つくしよりも早くに、付き合い出したのだ。
「進坊っちゃんを見習って、ちっとは進歩して欲しいもんだねえ」
「つかさはなんか違うよねえ」
「優良物件だし、あたしゃお薦めするよ」
「はだかみられたんだもんっ」
「風呂に一緒だったと思えば、楽じゃないのかい?」
それこそ刺激が強くないのだろうか、とつくしが不憫に思えるから世の中は不思議なものである。
「タマさん、あたし・・・」

ガチャガチャと音を立てながらも解錠し、つくしはそっとタマの後ろから覗いてみる。
仁王立ちするつかさに、つくしは小さい悲鳴を上げる。
直ぐにタマの後ろに引っ込むつくし。
つかさはタマを睨むも。
つくしの大きな瞳を、反射的に見つけるなり。
「つくしっ、オレに会いに来てくれたのかっ」
タマを退けて、つくしに飛び付きそうになる。
「坊っちゃま。
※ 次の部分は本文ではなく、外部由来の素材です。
lemma has_real_derivative_nonpos_if_decreasing_right:
  fixes f :: "real \<Rightarrow> real"
  assumes "(f has_real_derivative d) (at a within {a..b})" "a < b"
    and "\<And>x. a < x \<Longrightarrow> x \<le> b \<Longrightarrow> f x < f a"
  shows "d \<le> 0"
proof (rule ccontr)
  assume "\<not> d \<le> 0"
  then obtain e where "0 < e" and e: "\<And>h. 0 < h \<Longrightarrow> a + h \<in> {a..b} \<Longrightarrow> h < e \<Longrightarrow> f a < f (a + h)"
    using has_real_derivative_pos_inc_right[OF assms(1)] by force
  let ?h = "min (e / 2) (b - a)"
  have "f a < f (a + ?h)" using e[of ?h] \<open>0 < e\<close> \<open>a < b\<close> by auto
  moreover have "f (a + ?h) < f a" using assms(3)[of "a + ?h"] \<open>0 < e\<close> \<open>a < b\<close> by auto
  ultimately show False by simp
qed

section \<open>The integrals \<open>F\<^sub>q\<close> and \<open>G\<^sub>q\<close>\<close>

definition Fq_integrand :: "real \<Rightarrow> real \<Rightarrow> real \<Rightarrow> real" where
  "Fq_integrand q y u = u powr (q - 1) * exp (y * u - u\<^sup>2 / 2)"

lemma Fq_eq_set_integral: "Fq q y = (LBINT u:{0<..}. Fq_integrand q y u)"
  unfolding Fq_def Fq_integrand_def ..

lemma Fq_integrand_pos: "0 < u \<Longrightarrow> 0 < Fq_integrand q y u"
  by (simp add: Fq_integrand_def)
つくしを怯えさせるんなら、又軟禁ですよ。奥様や旦那様から、お灸を据えて来いとご許可は頂いてますからね」
つくしはガタガタ震えているが、つかさからは目を反らしてはいない。
「オレはつくしだけだからなっ」
「つかさ坊っちゃま?」
「プレゼントもパーティーも、つくしからのプレゼント以外はいらねっ」
つくしは道明寺邸の中心で、失神していた。
椿「つかさっ、あんたはつくしちゃんに何てことしたのよ」
楓「つかささん。貴方って人は・・・」
つかさは偶々帰国した姉の椿&母の楓により、再度納戸に軟禁されたのは言う迄もなかった。
タマ「何か坊っちゃんが、ちょっと気の毒な気もしなくないがね」
タマが止めるよりも早く、道明寺の女家族は強かった。
此れが道明寺一族の反映を、支えている証でもあった。